>>>

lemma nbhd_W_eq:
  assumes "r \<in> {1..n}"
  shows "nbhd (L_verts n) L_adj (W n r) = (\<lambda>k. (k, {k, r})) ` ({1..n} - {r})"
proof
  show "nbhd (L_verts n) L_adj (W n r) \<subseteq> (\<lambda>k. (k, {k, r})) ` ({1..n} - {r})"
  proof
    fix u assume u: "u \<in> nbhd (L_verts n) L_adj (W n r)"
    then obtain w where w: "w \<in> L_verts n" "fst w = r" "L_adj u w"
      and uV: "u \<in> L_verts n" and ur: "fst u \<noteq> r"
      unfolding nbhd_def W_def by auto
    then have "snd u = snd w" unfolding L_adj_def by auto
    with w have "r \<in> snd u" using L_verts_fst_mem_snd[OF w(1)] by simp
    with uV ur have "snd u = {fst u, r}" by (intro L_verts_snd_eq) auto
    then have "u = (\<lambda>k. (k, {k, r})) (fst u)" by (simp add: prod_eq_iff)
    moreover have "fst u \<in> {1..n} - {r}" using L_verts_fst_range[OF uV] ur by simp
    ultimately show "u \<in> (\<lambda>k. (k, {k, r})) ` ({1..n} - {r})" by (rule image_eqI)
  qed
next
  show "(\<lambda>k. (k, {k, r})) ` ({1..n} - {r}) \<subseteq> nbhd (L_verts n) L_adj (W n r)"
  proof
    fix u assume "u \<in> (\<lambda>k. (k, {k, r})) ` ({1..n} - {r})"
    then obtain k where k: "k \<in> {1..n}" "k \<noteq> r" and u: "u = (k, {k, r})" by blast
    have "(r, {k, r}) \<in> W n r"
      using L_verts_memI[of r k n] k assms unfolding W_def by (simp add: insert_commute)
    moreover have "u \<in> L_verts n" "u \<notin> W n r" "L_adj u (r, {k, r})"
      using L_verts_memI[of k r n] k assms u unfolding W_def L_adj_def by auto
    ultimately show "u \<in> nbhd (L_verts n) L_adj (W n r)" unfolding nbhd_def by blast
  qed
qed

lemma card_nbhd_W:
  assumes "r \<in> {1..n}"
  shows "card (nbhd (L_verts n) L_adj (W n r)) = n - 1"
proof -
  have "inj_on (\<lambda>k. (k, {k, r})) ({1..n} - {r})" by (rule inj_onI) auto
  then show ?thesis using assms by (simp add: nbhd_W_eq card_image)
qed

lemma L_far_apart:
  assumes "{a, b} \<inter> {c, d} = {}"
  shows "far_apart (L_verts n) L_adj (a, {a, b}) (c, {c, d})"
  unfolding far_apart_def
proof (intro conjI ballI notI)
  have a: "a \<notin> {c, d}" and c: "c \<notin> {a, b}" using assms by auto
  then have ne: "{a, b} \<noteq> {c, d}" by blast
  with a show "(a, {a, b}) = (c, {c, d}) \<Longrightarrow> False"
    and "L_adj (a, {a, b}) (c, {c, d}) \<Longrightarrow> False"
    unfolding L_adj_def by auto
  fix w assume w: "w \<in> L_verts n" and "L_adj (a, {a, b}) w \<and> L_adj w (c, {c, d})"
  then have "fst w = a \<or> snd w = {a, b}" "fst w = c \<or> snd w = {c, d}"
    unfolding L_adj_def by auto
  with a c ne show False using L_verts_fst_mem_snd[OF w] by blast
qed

<<<

(Exercise instructions) The line above containing "with uV ur have", the line containing "uV] ur by simp", and every line between them are to be transcribed exactly; no other line is wanted.

(Response)
    with uV ur have "snd u = {fst u, r}" by (intro L_verts_snd_eq) auto
    then have "u = (\<lambda>k. (k, {k, r})) (fst u)" by (simp add: prod_eq_iff)
    moreover have "fst u \<in> {1..n} - {r}" using L_verts_fst_range[OF uV] ur by simp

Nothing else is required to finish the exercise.